Home > Archive > Compression > April 2007 > Adobe zlib compression aggressiveness
You are viewing an archived Text-only version of the thread.
To view this thread in it's original format and/or if you want to reply to
this thread please [click here]
| Author |
Adobe zlib compression aggressiveness
|
|
| byaarov@yahoo.com 2007-04-05, 6:56 pm |
| Hi,
In a PDF file, for the objects that use the FlateDecode filter, zlib
compression is used. As far as I know, they use the actual zlib
library itself.
However, they must have some special tuning going on, since I can
never create a deflate stream that is as small or perhaps even smaller
than the Adobe generated deflate stream.
I am using maximum compression settings of zlib (well, maximum level
and memory setting of 8 and a window size of 15 bits)
I dont see them using any dictionaries either, so I dont think thats
the issue.
My question is, what other parameters could they have tweaked of zlib
in order to get such an efficient stream?
B
| |
| cr88192 2007-04-05, 6:56 pm |
|
<byaarov@yahoo.com> wrote in message
news:1175793467.037145.322610@p77g2000hsh.googlegroups.com...
> Hi,
> In a PDF file, for the objects that use the FlateDecode filter, zlib
> compression is used.

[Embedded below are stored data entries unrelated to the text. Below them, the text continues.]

section \<open>Euclidean projection onto the simplex\<close>

lemma nonneg_by_small_quadratic:
  fixes c d :: real
  assumes "\<And>l. 0 < l \<Longrightarrow> l \<le> 1 \<Longrightarrow> 0 \<le> 2 * l * c + l^2 * d"
  shows "0 \<le> c"
proof (rule ccontr)
  assume "\<not> 0 \<le> c"
  define l where "l = min 1 (- c / (\<bar>d\<bar> + 1))"
  have pos: "0 < \<bar>d\<bar> + 1" by simp
  then have "0 < - c / (\<bar>d\<bar> + 1)"
    using \<open>\<not> 0 \<le> c\<close> by (simp add: divide_neg_pos)
  then have l: "0 < l" "l \<le> 1"
    by (auto simp: l_def)
  have "l \<le> - c / (\<bar>d\<bar> + 1)"
    by (simp add: l_def)
  then have "l * (\<bar>d\<bar> + 1) \<le> - c"
    using pos_le_divide_eq[OF pos] by blast
  then have "l * \<bar>d\<bar> + l \<le> - c"
    by (simp add: distrib_left)
  moreover have "l * d \<le> l * \<bar>d\<bar>"
    by (rule mult_left_mono) (use l in auto)
  ultimately have "2 * c + l * d < 0"
    using l \<open>\<not> 0 \<le> c\<close> by linarith
  then have "l * (2 * c + l * d) < 0"
    using l by (simp add: mult_pos_neg)
  with assms[OF l(1,2)] show False
    by (simp add: power2_eq_square algebra_simps)
qed
text \<open>Locally the leaves of the surface foliation \<open>F\<^sub>i\<close> are the level sets of a submersion
  \<open>g\<^sub>i\<close>, and a 1-form vanishing on them is \<open>\<sigma>\<^sub>i = a\<^sub>i dg\<^sub>i\<close>. Closedness of \<open>\<sigma>\<^sub>i\<close> means
  \<open>da\<^sub>i \<and> dg\<^sub>i = 0\<close> (wedge product), so \<open>a\<^sub>i\<close> is constant along the leaves of \<open>F\<^sub>i\<close>.
  Pointwise, if \<open>\<sigma>\<^sub>1(p) = 0\<close> then \<open>\<sigma>\<^sub>2(p) = -\<sigma>\<^sub>3(p)\<close> vanishes on \<open>T\<^sub>2(p)\<close> and on
  the line \<open>T\<^sub>3(p)\<close>, which is not contained in \<open>T\<^sub>2(p)\<close>, hence \<open>\<sigma>\<^sub>2(p) = 0\<close>, and
  symmetrically. In a chart with coordinates \<open>(g\<^sub>1, g\<^sub>2, *)\<close> a zero of \<open>\<sigma>\<^sub>1\<close> therefore spreads along the leaf of \<open>F\<^sub>1\<close>, turns into a zero of
  \<open>\<sigma>\<^sub>2\<close>, and spreads along the leaves of \<open>F\<^sub>2\<close>, filling a neighbourhood; by connectedness an
  abelian relation vanishing at one point vanishes everywhere. As \<open>\<sigma>\<^sub>1(p\<^sub>0)\<close> is confined to the
  line orthogonal to \<open>T\<^sub>1(p\<^sub>0)\<close>, some nontrivial combination of any two relations vanishes at
  \<open>p\<^sub>0\<close>, hence identically.\<close>

lemma smooth_on_Ck_on: "smooth_on S f \<Longrightarrow> Ck_on k S f"
  unfolding smooth_on_def by blast

lemma smooth_on_continuous_on: "smooth_on S f \<Longrightarrow> continuous_on S f"
  using smooth_on_Ck_on[of S f 0] by simp

lemma smooth_on_frechet_derivative:
  "smooth_on S f \<Longrightarrow> smooth_on S (\<lambda>p. frechet_derivative f (at p) v)"
  unfolding smooth_on_def by (metis Ck_on.simps(2))

lemma Ck_on_subset: "Ck_on k V f \<Longrightarrow> W \<subseteq> V \<Longrightarrow> Ck_on k W f"
  by (induction k arbitrary: f) (auto intro: continuous_on_subset differentiable_on_subset)

lemma smooth_on_subset: "smooth_on V f \<Longrightarrow> W \<subseteq> V \<Longrightarrow> smooth_on W f"
  unfolding smooth_on_def using Ck_on_subset by blast

lemma smooth_on_has_derivative:
  assumes "open S" "smooth_on S f" "x \<in> S"
  shows "(f has_derivative frechet_derivative f (at x)) (at x)"
proof -
  have "f differentiable_on S"
    using smooth_on_Ck_on[OF assms(2), of 1] by simp
  then show ?thesis
    using assms(1,3) by (simp add: differentiable_on_eq_differentiable_at frechet_derivative_works)
qed

section \<open>Mean values and symmetry of second derivatives\<close>

lemma has_real_derivative_along_line:
  fixes f :: "'a::real_normed_vector \<Rightarrow> real"
  assumes "(f has_derivative f') (at (a + t *\<^sub>R v))"
  shows "((\<lambda>t. f (a + t *\<^sub>R v)) has_real_derivative f' v) (at t)"
proof -
  have line: "((\<lambda>t. a + t *\<^sub>R v) has_derivative (\<lambda>h. h *\<^sub>R v)) (at t)"
    by (auto intro!: derivative_eq_intros)
  have "(\<lambda>h. f' (h *\<^sub>R v)) = (*) (f' v)"
    using linear_scale[OF has_derivative_linear[OF assms]] by (auto simp: mult.commute)
  then show ?thesis
    using has_derivative_compose[OF line assms] by (simp add: has_field_derivative_def o_def)
qed
definition agarch_param_space :: "nat \<Rightarrow> nat \<Rightarrow> agarch_param set" where
  "agarch_param_space p q =
     {(a, b, g). a 0 > 0 \<and> (\<forall>i\<in>{1..p}. a i \<ge> 0) \<and> (\<forall>i>p. a i = 0)
        \<and> b 0 = 0 \<and> (\<forall>j\<in>{1..q}. b j \<ge> 0) \<and> (\<forall>j>q. b j = 0)
        \<and> (\<Sum>j=1..q. b j) < 1 \<and> \<bar>g\<bar> \<le> 1}"

definition agarch_xi :: "nat \<Rightarrow> nat \<Rightarrow> agarch_param \<Rightarrow> nat \<Rightarrow> real" where
  "agarch_xi p q \<theta> l =
     (case \<theta> of (a, b, g) \<Rightarrow>
        fps_nth (Abs_fps (\<lambda>i. if 1 \<le> i \<and> i \<le> p then a i else 0)
                 / (1 - Abs_fps (\<lambda>j. if 1 \<le> j \<and> j \<le> q then b j else 0))) l)"

definition agarch_h :: "nat \<Rightarrow> nat \<Rightarrow> (int \<Rightarrow> 'w \<Rightarrow> real) \<Rightarrow> agarch_param \<Rightarrow> int \<Rightarrow> 'w \<Rightarrow> ennreal" where
  "agarch_h p q X \<theta> t \<omega> =
     (case \<theta> of (a, b, g) \<Rightarrow>
        ennreal (a 0 / (1 - (\<Sum>j=1..q. b j)))
        + (\<Sum>l. ennreal (agarch_xi p q \<theta> (Suc l)
                 * (\<bar>X (t - int (Suc l)) \<omega>\<bar> - g * X (t - int (Suc l)) \<omega>)\<^sup>2)))"

definition natural_filtration :: "'w measure \<Rightarrow> (int \<Rightarrow> 'w \<Rightarrow> real) \<Rightarrow> int \<Rightarrow> 'w measure" where
  "natural_filtration M Z t =
     sigma (space M) (\<Union>k\<in>{..t}. {Z k -` B \<inter> space M | B. B \<in> sets borel})"

definition path_law :: "'w measure \<Rightarrow> (int \<Rightarrow> 'w \<Rightarrow> 'b::topological_space) \<Rightarrow> (int \<Rightarrow> 'b) measure" where
  "path_law M Y = distr M (PiM UNIV (\<lambda>_. borel)) (\<lambda>\<omega> t. Y t \<omega>)"
lemma borel_fixed_x0_power_mult:
  fixes J :: "'k::comm_ring_1 mpoly set"
  assumes I: "is_ideal n I" and J: "borel_fixed n J"
    and I_eq: "I = {monom 1 (Poly_Mapping.single 0 A) * g | g. g \<in> J}"
  shows "borel_fixed n I"
proof -
  define e where "e = Poly_Mapping.single (0::nat) A"
  have J_monomial: "monomial_ideal n J"
    using J by (simp add: borel_fixed_def)
  have monoms_I: "\<exists>\<beta>. \<alpha> = e + \<beta> \<and> monom 1 \<beta> \<in> J" if "p \<in> I" "\<alpha> \<in> Poly_Mapping.keys p" for p \<alpha>
  proof -
    from that(1) obtain g where g: "p = monom 1 e * g" "g \<in> J"
      by (auto simp: I_eq e_def)
    with that(2) obtain \<beta> where "\<alpha> = e + \<beta>" "\<beta> \<in> Poly_Mapping.keys g"
      by (auto simp: keys_monom_1_mult)
    with J_monomial g(2) show ?thesis
      by (auto simp: monomial_ideal_def)
  qed
  have in_I: "monom 1 (e + \<beta>) \<in> I" if "monom 1 \<beta> \<in> J" for \<beta>
    using that by (auto simp: I_eq e_def monom_mult intro!: exI[of _ "monom 1 \<beta>"])
  have "monomial_ideal n I"
    using I monoms_I in_I by (auto simp: monomial_ideal_def)
  moreover have "monom 1 (\<alpha> - Poly_Mapping.single j 1 + Poly_Mapping.single i 1) \<in> I"
    if \<alpha>: "monom 1 \<alpha> \<in> I" and ij: "i < j" and pos: "0 < Poly_Mapping.lookup \<alpha> j" for \<alpha> i j
  proof -
    obtain \<beta> where \<beta>: "\<alpha> = e + \<beta>" "monom 1 \<beta> \<in> J"
      using monoms_I[OF \<alpha>] by (auto simp: keys_monom)
    then have "0 < Poly_Mapping.lookup \<beta> j"
      using pos ij by (simp add: e_def lookup_add lookup_single)
    then have "monom 1 (\<beta> - Poly_Mapping.single j 1 + Poly_Mapping.single i 1) \<in> J"
      using J \<beta>(2) ij unfolding borel_fixed_def by blast
    moreover have "e + (\<beta> - Poly_Mapping.single j 1 + Poly_Mapping.single i 1)
        = \<alpha> - Poly_Mapping.single j 1 + Poly_Mapping.single i 1"
      using ij \<beta>(1) by (intro poly_mapping_eqI) (simp add: e_def lookup_add lookup_minus lookup_single when_def)
    ultimately show ?thesis
      using in_I by metis
  qed
  ultimately show ?thesis
    unfolding borel_fixed_def by blast
qed


theorem corollary2p3:
  fixes n A :: nat and "is" as :: "nat list" and I :: "('k::field_char_0) mpoly set"
  assumes alg_closed: "\<forall>p::'k poly. 0 < degree p \<longrightarrow> (\<exists>x. poly p x = 0)"
    and data: "macaulay_data is as" and ne: "is \<noteq> []" and top: "hd is + 2 \<le> n"
    and Apos: "0 < A"
    and I_hom: "homogeneous_ideal n I" and I_sat: "saturated n I"
    and I_hp: "has_hilbert_poly n I (Qpoly ((n - 1) # is) (A # as))"
  shows "borel_fixed n I \<longleftrightarrow>
    (\<exists>J. is_ideal n J \<and> saturated n J \<and> borel_fixed n J \<and> has_hilbert_poly n J (Qpoly is as)
       \<and> I = {monom 1 (Poly_Mapping.single 0 A) * g | g. g \<in> J})"
proof
  assume B: "borel_fixed n I"
  define J where "J = colon_monom n (Poly_Mapping.single 0 A) I"
  have monomial: "monomial_ideal n I"
    using B by (simp add: borel_fixed_def)
  have dvd: "A \<le> Poly_Mapping.lookup \<alpha> 0" if "monom 1 \<alpha> \<in> I" for \<alpha>
    using borel_fixed_x0_power_dvd[OF data ne top B I_hp that] .
  have "is_ideal n J" "borel_fixed n J"
    using B monomial borel_fixed_colon_monom
    by (auto simp: J_def monomial_ideal_def is_ideal_colon_monom)
  moreover have "saturated n J"
    unfolding J_def by (rule saturated_colon_monom[OF I_sat]) simp
  moreover have "has_hilbert_poly n J (Qpoly is as)"
    unfolding J_def by (rule has_hilbert_poly_colon_x0_power[OF data ne top monomial dvd I_hp])
  moreover have "I = {monom 1 (Poly_Mapping.single 0 A) * g | g. g \<in> J}"
    unfolding J_def using dvd
    by (intro monomial_ideal_eq_monom_mult_colon[OF monomial]) (simp add: exp_dvd_single_iff)
  ultimately show "\<exists>J. is_ideal n J \<and> saturated n J \<and> borel_fixed n J \<and> has_hilbert_poly n J (Qpoly is as)
       \<and> I = {monom 1 (Poly_Mapping.single 0 A) * g | g. g \<in> J}"
    by blast
next
  assume "\<exists>J. is_ideal n J \<and> saturated n J \<and> borel_fixed n J \<and> has_hilbert_poly n J (Qpoly is as)
       \<and> I = {monom 1 (Poly_Mapping.single 0 A) * g | g. g \<in> J}"
  then show "borel_fixed n I"
    using I_hom borel_fixed_x0_power_mult by (auto simp: homogeneous_ideal_def)
qed

end
(* Let $\Gamma$ be a distance-regular graph with classical parameters $(D,b,\alpha,\beta)$ such that $b\ge2$, $b-1\ge\alpha\ge1$ and $D\ge3$, geometric with respect to a set $\mathcal C$ of Delsarte cliques (so $\Gamma$ is the point graph of the partial linear space $(V(\Gamma),\mathcal C,\in)$; members of $\mathcal C$ are called lines). Let $r=[D]$. Assume $\Gamma$ satisfies the dual Pasch axiom. Let $\ell$ be a line, $M$ an assembly and $u$ a vertex not in $M$. Then: (1) if $\ell\cap M\ne\emptyset$, then $|\ell\cap M|=\alpha+1$; (2) if $u$ has a neighbour in $M$, then $u$ has exactly $\alpha+1$ neighbours in $M$ and exactly one line through $u$ intersects $M$. Consequently, for every vertex $x$ the local graph at $x$ is the $\alpha$-clique extension of a $\frac{\beta}{\alpha}\times r$-grid.
   Context: Distance-regular graph with intersection numbers $b_i,c_i$, valency $k=b_0$. For integer $b\ne1$, $[j]=\frac{b^j-1}{b-1}$. Classical parameters $(D,b,\alpha,\beta)$: diameter $D$, $b_i=([D]-[i])(\beta-\alpha[i])$, $c_i=[i](1+\alpha[i-1])$. A Delsarte clique is a clique with $1+\frac{k}{-\theta_{\min}}$ vertices, $\theta_{\min}$ the smallest adjacency eigenvalue; geometric with respect to $\mathcal C$ means every edge lies in exactly one member of $\mathcal C$. Dual Pasch axiom: for any two adjacent vertices $x,y$, the set of common neighbours of $x$ and $y$ not on the line through $x$ and $y$ is a clique. An assembly is a maximal clique of $\Gamma$ not in $\mathcal C$. The local graph at $x$ is the subgraph induced on the neighbours of $x$. The $m\times n$-grid is $K_m\Box K_n$; the $s$-clique extension of a graph $\Delta$ replaces each vertex $x$ by an $s$-clique $\tilde X$, with $u\in\tilde X$, $v\in\tilde Y$ ($\tilde X\ne\tilde Y$) adjacent iff $x\sim y$ in $\Delta$. *)

theory Defs
  imports Main "HOL.Real"
begin

definition simple_graph :: "'a set \<Rightarrow> ('a \<Rightarrow> 'a \<Rightarrow> bool) \<Rightarrow> bool" where
  "simple_graph V adj \<longleftrightarrow> finite V \<and> V \<noteq> {} \<and>
     (\<forall>x y. adj x y \<longrightarrow> x \<in> V \<and> y \<in> V) \<and>
     (\<forall>x y. adj x y \<longrightarrow> adj y x) \<and> (\<forall>x. \<not> adj x x)"

fun walk :: "'a set \<Rightarrow> ('a \<Rightarrow> 'a \<Rightarrow> bool) \<Rightarrow> nat \<Rightarrow> 'a \<Rightarrow> 'a \<Rightarrow> bool" where
  "walk V adj 0 x y = (x = y \<and> x \<in> V)"
| "walk V adj (Suc n) x y = (\<exists>z\<in>V. adj x z \<and> walk V adj n z y)"

definition connected_graph :: "'a set \<Rightarrow> ('a \<Rightarrow> 'a \<Rightarrow> bool) \<Rightarrow> bool" where
  "connected_graph V adj \<longleftrightarrow> (\<forall>x\<in>V. \<forall>y\<in>V. \<exists>n. walk V adj n x y)"

text \<open>Path-length distance (meaningful in a connected graph).\<close>
definition gdist :: "'a set \<Rightarrow> ('a \<Rightarrow> 'a \<Rightarrow> bool) \<Rightarrow> 'a \<Rightarrow> 'a \<Rightarrow> nat" where
  "gdist V adj x y = (LEAST n. walk V adj n x y)"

As far as I know, they use the actual zlib
> library itself.
>
> However, they must have some special tuning going on, since I can
> never create a deflate stream that is as small or perhaps even smaller
> than the Adobe generated deflate stream.
>
> I am using maximum compression settings of zlib (well, maximum level
> and memory setting of 8 and a window size of 15 bits)
>
> I dont see them using any dictionaries either, so I dont think thats
> the issue.
>
> My question is, what other parameters could they have tweaked of zlib
> in order to get such an efficient stream?
>
if in fact using zlib, it is possible they may have customized the string
matcher to be better suited to the kinds of data present.
for example, I will note another example, png:
IME, my deflater, when tuned for png (speed/ratio), typically performs worse
on typical data (text and binary data);
when tuned for ordinary data, its speed and ratio, when used on png, leaves
a little to be desired.
now, it is possible that my algo just isn't tuned all that well in general,
but at times I have considered having a customized version for png encoding
(likely more emphasizing speed than ratio though, and probably based on a
modified earlier version of my encoder).
dunno, this is only a simple example, who knows what adobe might have done.
> B
>
| |
| Mark Adler 2007-04-05, 6:56 pm |
| On Apr 5, 10:17 am, byaa...@yahoo.com wrote:
> My question is, what other parameters could they have tweaked of zlib
> in order to get such an efficient stream?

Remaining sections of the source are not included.